#### Exercise aim
Would you please copy the part of the material below that opens with the line containing "f \<bullet> x" and closes with the line containing "MFplus C \<longrightarrow>"? Copy it exactly, and only it.

#### Dataset entries
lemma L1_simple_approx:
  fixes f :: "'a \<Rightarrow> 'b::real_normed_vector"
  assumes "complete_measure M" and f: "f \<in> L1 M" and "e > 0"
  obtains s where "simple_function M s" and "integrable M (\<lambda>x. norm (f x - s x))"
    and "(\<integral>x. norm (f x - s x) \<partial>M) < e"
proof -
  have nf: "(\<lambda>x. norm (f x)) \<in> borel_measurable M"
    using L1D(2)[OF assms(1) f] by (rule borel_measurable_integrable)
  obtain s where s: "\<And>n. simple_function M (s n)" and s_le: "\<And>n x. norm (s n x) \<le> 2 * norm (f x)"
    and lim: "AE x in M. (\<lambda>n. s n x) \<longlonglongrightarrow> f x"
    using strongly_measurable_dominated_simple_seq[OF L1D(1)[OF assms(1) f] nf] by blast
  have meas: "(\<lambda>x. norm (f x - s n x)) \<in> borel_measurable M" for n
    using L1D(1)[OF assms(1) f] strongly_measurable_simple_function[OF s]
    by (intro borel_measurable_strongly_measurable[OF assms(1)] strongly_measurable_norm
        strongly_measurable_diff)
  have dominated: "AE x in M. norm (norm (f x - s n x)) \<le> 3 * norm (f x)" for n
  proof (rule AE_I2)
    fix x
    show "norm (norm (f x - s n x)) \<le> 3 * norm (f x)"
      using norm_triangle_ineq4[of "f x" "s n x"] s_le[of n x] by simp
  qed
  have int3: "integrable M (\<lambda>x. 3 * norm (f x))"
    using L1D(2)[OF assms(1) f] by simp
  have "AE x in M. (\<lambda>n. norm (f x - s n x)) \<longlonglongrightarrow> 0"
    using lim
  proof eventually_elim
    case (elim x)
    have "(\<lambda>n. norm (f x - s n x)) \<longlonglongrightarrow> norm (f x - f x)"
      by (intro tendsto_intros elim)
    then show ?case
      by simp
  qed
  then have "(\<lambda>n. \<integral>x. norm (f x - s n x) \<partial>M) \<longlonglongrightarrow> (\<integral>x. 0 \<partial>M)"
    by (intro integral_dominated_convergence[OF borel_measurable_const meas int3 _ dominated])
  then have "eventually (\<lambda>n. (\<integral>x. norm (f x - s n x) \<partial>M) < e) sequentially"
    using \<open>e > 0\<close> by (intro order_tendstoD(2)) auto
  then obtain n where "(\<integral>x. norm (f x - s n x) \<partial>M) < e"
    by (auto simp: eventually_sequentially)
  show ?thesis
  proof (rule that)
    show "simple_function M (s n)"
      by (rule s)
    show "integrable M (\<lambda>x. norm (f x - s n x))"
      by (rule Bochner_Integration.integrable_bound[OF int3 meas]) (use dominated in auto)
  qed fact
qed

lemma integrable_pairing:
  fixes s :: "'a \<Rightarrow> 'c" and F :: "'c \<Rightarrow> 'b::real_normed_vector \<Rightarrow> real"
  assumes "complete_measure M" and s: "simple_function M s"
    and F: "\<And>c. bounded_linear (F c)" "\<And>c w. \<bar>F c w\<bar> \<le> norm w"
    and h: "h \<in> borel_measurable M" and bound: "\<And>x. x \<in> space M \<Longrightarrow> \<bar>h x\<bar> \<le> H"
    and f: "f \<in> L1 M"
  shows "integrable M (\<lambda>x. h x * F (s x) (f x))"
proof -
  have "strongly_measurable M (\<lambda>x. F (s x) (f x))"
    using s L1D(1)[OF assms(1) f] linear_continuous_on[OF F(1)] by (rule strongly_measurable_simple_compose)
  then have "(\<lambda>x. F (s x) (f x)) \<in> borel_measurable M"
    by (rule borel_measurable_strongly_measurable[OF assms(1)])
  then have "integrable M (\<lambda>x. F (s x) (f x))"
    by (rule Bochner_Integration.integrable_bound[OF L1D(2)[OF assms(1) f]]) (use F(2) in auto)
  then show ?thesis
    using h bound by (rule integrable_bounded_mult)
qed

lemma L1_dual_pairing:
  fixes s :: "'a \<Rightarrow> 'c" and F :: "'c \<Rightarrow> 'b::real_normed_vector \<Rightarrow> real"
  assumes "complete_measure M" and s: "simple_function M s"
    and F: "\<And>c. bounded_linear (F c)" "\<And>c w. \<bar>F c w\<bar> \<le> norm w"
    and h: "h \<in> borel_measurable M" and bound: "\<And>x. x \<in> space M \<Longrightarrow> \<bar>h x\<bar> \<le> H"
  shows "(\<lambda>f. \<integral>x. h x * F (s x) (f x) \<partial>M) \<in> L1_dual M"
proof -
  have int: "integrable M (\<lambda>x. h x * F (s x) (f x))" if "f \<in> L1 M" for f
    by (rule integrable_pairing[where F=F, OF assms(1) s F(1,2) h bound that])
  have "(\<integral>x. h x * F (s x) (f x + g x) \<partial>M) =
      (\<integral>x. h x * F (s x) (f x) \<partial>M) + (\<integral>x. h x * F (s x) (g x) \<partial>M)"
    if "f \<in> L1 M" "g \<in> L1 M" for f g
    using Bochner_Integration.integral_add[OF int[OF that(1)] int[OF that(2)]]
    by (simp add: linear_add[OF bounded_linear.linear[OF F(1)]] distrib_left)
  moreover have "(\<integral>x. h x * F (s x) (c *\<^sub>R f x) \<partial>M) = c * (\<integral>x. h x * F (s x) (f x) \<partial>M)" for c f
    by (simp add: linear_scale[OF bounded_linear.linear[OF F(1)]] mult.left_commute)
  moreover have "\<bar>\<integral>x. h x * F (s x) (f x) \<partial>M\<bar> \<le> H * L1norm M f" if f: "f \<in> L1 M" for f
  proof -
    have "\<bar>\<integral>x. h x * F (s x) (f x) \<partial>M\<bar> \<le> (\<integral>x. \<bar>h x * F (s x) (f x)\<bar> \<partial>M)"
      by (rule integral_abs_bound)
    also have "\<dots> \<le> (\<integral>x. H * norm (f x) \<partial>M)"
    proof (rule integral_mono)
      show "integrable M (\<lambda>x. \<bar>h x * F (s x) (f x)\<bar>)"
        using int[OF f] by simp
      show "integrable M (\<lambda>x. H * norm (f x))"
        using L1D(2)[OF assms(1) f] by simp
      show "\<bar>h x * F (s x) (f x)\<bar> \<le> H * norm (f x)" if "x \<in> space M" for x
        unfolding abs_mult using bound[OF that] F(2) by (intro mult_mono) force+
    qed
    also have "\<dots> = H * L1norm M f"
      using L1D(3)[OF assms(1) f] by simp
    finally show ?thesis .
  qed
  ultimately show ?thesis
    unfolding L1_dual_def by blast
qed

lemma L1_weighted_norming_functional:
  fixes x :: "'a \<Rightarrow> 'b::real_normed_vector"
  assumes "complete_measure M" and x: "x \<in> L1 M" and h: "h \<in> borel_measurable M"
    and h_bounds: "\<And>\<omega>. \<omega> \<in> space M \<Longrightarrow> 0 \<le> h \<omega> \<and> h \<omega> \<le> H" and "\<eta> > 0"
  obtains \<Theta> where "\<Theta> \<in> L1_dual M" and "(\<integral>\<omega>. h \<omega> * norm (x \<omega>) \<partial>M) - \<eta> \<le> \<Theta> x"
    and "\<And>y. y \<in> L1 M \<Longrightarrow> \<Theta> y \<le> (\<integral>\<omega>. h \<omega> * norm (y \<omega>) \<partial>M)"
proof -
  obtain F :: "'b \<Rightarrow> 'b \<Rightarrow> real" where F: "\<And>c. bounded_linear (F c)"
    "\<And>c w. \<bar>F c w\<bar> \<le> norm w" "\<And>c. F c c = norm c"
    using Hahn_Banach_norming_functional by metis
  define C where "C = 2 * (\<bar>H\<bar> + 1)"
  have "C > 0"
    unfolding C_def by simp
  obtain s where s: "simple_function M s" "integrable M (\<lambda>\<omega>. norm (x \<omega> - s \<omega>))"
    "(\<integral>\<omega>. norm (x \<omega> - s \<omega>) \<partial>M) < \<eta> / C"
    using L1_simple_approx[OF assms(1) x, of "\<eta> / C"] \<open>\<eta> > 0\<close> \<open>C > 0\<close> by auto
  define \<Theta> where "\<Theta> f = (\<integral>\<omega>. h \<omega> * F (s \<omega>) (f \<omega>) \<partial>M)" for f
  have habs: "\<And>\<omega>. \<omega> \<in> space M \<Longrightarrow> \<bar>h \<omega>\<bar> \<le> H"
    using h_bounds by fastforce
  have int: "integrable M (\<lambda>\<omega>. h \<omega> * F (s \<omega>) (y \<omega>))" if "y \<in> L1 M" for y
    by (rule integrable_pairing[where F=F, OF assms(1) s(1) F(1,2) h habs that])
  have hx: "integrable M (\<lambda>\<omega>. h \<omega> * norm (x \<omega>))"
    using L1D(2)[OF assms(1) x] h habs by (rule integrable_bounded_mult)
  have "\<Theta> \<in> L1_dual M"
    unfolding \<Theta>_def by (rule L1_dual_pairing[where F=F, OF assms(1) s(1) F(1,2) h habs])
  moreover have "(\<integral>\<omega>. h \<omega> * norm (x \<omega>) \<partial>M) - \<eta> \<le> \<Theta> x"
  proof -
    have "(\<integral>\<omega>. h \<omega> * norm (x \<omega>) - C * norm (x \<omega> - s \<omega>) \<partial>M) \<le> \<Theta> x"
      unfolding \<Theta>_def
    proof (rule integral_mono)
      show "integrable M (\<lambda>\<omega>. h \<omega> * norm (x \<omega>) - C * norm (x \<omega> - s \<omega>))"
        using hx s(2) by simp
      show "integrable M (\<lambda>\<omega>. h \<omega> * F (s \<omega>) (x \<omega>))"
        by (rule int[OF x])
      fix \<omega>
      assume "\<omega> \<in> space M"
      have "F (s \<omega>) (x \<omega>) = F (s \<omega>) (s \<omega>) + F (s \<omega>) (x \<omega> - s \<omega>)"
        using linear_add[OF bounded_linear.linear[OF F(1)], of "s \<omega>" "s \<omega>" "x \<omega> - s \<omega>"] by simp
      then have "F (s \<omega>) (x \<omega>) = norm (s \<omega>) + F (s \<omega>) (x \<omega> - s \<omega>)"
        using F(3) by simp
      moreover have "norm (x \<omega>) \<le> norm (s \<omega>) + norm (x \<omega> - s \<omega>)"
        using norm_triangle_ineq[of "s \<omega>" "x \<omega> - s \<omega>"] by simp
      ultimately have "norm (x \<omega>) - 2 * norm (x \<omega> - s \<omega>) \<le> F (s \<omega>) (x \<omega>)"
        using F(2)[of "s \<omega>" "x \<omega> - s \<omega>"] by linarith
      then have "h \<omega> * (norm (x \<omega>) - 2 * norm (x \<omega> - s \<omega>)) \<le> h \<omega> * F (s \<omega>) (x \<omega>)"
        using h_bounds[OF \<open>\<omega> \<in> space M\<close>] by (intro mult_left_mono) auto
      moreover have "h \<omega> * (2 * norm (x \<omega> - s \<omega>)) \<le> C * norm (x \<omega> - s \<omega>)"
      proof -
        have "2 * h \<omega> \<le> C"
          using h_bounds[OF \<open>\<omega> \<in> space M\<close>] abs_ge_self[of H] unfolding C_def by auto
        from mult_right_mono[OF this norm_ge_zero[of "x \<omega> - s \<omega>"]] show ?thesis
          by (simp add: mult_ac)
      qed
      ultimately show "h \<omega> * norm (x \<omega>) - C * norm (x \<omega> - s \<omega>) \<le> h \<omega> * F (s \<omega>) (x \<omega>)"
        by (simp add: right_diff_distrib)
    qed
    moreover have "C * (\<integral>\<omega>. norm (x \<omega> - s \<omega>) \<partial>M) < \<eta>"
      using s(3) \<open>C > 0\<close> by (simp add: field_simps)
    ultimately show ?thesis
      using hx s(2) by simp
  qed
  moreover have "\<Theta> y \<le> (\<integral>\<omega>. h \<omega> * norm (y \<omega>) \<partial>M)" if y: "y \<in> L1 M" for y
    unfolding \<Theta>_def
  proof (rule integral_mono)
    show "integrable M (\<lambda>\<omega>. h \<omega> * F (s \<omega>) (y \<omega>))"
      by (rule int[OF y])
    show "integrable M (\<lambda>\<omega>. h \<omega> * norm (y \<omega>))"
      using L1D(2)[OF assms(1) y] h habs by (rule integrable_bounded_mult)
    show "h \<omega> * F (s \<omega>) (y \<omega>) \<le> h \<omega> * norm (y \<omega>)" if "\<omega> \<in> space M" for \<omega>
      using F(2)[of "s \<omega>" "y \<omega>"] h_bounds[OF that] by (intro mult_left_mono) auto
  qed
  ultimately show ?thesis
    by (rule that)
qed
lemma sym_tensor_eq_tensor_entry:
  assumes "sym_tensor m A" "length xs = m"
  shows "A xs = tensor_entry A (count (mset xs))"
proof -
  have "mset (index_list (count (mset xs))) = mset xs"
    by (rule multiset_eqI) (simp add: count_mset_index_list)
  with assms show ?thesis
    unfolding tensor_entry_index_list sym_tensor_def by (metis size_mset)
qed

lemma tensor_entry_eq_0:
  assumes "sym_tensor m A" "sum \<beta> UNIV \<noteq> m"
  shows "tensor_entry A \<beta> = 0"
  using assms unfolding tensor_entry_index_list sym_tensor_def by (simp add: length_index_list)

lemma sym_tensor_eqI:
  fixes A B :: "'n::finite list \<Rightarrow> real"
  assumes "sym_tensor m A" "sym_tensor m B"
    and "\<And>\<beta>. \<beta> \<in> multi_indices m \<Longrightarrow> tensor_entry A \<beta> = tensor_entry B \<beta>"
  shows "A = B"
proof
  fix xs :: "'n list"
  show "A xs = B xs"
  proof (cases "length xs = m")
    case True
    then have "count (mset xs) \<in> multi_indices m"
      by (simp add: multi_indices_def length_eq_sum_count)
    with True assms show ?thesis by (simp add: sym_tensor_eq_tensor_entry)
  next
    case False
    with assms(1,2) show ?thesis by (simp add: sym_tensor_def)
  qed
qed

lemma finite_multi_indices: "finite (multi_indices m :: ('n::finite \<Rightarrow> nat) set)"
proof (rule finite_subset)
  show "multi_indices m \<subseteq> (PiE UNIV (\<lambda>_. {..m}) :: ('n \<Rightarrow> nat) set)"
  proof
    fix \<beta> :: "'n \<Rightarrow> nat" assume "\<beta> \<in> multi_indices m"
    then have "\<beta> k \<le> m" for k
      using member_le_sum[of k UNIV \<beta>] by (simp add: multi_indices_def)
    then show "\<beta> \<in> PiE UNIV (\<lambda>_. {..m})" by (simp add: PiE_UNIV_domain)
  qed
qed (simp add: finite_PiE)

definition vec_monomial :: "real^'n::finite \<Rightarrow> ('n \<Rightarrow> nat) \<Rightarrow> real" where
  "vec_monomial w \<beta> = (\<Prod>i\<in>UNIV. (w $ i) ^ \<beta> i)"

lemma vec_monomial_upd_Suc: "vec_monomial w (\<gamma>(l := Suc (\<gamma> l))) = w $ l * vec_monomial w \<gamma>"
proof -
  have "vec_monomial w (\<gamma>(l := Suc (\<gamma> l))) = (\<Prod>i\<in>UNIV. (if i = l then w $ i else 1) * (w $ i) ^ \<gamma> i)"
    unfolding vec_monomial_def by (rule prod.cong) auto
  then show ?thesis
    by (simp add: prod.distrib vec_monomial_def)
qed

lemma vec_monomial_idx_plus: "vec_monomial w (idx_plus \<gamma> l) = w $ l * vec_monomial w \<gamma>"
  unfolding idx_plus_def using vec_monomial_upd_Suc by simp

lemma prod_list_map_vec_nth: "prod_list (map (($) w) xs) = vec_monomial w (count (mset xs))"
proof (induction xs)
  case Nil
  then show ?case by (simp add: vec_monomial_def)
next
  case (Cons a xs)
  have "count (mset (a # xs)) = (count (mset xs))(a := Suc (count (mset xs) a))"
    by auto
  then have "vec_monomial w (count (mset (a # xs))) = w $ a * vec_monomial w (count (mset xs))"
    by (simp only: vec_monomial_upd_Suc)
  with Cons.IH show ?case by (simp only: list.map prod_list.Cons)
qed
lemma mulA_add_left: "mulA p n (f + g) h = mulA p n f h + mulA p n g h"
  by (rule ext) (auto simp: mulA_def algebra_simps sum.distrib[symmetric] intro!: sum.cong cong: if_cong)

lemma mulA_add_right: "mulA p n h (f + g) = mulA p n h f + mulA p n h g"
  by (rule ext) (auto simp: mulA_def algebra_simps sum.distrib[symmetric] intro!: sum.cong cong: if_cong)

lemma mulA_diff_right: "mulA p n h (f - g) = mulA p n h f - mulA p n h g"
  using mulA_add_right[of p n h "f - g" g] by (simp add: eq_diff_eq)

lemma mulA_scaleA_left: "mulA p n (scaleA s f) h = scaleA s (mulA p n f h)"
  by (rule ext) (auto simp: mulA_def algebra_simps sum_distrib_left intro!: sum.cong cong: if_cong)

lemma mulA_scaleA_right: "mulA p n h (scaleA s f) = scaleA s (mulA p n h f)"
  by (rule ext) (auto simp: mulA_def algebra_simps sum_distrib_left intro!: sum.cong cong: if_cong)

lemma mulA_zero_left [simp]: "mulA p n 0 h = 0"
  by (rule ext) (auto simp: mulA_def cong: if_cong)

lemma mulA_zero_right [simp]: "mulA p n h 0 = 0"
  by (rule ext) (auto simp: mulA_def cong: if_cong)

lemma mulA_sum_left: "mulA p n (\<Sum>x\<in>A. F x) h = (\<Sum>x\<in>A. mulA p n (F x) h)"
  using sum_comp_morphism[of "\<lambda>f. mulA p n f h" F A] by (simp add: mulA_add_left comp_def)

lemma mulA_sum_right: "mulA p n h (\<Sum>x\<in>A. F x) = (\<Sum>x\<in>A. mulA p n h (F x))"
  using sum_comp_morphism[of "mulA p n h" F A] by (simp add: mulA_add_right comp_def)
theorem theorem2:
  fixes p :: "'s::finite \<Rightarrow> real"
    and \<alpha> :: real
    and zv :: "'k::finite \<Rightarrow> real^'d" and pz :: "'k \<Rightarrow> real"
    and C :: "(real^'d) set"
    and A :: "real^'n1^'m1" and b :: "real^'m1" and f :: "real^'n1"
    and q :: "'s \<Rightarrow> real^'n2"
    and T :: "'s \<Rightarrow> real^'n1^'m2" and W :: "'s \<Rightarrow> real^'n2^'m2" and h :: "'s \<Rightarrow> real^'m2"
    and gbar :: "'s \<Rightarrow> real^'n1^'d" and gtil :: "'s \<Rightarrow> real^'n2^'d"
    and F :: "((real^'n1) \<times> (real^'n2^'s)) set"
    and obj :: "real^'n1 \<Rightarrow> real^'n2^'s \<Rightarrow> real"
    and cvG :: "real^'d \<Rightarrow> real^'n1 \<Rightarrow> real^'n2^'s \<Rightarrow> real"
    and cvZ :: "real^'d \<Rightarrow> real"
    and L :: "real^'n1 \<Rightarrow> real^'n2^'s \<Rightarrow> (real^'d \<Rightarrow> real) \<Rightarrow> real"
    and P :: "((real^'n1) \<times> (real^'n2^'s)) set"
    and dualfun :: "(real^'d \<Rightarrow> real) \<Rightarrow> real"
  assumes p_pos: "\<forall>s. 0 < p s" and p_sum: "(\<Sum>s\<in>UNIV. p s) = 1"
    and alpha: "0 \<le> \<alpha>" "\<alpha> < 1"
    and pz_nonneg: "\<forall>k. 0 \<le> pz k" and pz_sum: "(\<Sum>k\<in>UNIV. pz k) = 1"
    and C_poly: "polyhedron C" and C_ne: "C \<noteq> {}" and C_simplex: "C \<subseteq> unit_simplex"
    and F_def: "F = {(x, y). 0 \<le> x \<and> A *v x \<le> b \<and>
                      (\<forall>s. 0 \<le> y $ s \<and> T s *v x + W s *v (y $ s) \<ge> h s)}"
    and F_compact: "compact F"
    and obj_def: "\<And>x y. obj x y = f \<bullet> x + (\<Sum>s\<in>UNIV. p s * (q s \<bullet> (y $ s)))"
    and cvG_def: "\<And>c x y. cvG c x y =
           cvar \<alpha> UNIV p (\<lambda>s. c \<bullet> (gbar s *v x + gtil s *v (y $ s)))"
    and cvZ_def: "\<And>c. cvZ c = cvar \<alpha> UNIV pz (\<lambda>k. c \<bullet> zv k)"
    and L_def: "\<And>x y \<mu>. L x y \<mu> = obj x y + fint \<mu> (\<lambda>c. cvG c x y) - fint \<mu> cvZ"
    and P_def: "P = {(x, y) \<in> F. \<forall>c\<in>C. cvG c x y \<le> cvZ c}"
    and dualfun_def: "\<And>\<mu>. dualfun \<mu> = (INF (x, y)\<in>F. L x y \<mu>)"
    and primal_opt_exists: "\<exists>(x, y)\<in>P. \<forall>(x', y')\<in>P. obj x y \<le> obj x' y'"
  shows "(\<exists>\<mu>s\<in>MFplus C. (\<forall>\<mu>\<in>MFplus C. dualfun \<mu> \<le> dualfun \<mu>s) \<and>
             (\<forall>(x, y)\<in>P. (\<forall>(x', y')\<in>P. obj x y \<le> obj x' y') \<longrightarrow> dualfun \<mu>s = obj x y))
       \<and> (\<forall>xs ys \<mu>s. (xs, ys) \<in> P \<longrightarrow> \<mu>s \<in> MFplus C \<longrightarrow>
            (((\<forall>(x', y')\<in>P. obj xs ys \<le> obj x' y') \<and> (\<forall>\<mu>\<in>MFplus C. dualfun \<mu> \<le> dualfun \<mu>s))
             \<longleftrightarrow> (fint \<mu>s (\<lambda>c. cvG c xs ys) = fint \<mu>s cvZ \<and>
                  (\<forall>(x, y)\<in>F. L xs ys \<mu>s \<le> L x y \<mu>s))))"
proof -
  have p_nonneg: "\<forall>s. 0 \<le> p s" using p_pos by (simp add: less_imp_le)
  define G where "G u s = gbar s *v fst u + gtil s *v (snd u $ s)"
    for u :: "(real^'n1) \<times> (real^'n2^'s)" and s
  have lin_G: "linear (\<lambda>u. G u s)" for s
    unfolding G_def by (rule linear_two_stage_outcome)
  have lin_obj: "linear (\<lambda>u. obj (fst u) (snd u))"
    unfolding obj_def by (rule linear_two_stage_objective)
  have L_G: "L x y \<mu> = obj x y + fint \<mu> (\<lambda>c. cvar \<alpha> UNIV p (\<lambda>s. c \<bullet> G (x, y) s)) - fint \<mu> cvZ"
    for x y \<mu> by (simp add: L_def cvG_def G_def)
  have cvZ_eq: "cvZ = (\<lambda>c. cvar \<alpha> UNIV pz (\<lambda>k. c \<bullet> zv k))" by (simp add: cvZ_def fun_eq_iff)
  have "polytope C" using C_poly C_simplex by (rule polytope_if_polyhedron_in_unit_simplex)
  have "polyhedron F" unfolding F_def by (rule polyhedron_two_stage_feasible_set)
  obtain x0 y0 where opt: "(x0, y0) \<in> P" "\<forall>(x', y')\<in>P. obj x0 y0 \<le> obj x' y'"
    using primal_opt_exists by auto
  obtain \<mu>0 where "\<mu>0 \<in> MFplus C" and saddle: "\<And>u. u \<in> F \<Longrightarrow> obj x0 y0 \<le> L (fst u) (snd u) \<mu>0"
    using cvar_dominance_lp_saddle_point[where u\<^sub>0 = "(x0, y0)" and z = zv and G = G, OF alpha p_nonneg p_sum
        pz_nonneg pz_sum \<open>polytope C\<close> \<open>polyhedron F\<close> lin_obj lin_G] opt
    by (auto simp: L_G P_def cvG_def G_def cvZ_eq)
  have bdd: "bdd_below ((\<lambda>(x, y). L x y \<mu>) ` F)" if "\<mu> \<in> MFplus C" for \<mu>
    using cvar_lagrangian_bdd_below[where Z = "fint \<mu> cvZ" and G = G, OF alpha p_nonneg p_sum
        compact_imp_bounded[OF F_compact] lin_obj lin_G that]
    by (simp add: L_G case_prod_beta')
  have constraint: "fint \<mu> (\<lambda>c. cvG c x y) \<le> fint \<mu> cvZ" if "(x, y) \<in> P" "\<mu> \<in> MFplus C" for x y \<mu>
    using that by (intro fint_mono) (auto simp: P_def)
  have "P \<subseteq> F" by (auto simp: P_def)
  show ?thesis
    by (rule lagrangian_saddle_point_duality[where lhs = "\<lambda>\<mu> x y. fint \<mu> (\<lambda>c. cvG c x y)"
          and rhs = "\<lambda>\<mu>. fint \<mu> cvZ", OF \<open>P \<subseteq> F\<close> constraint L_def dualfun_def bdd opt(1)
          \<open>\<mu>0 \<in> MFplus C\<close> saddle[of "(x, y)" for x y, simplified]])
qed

#### Solution
    and obj_def: "\<And>x y. obj x y = f \<bullet> x + (\<Sum>s\<in>UNIV. p s * (q s \<bullet> (y $ s)))"
    and cvG_def: "\<And>c x y. cvG c x y =
           cvar \<alpha> UNIV p (\<lambda>s. c \<bullet> (gbar s *v x + gtil s *v (y $ s)))"
    and cvZ_def: "\<And>c. cvZ c = cvar \<alpha> UNIV pz (\<lambda>k. c \<bullet> zv k)"
    and L_def: "\<And>x y \<mu>. L x y \<mu> = obj x y + fint \<mu> (\<lambda>c. cvG c x y) - fint \<mu> cvZ"
    and P_def: "P = {(x, y) \<in> F. \<forall>c\<in>C. cvG c x y \<le> cvZ c}"
    and dualfun_def: "\<And>\<mu>. dualfun \<mu> = (INF (x, y)\<in>F. L x y \<mu>)"
    and primal_opt_exists: "\<exists>(x, y)\<in>P. \<forall>(x', y')\<in>P. obj x y \<le> obj x' y'"
  shows "(\<exists>\<mu>s\<in>MFplus C. (\<forall>\<mu>\<in>MFplus C. dualfun \<mu> \<le> dualfun \<mu>s) \<and>
             (\<forall>(x, y)\<in>P. (\<forall>(x', y')\<in>P. obj x y \<le> obj x' y') \<longrightarrow> dualfun \<mu>s = obj x y))
       \<and> (\<forall>xs ys \<mu>s. (xs, ys) \<in> P \<longrightarrow> \<mu>s \<in> MFplus C \<longrightarrow>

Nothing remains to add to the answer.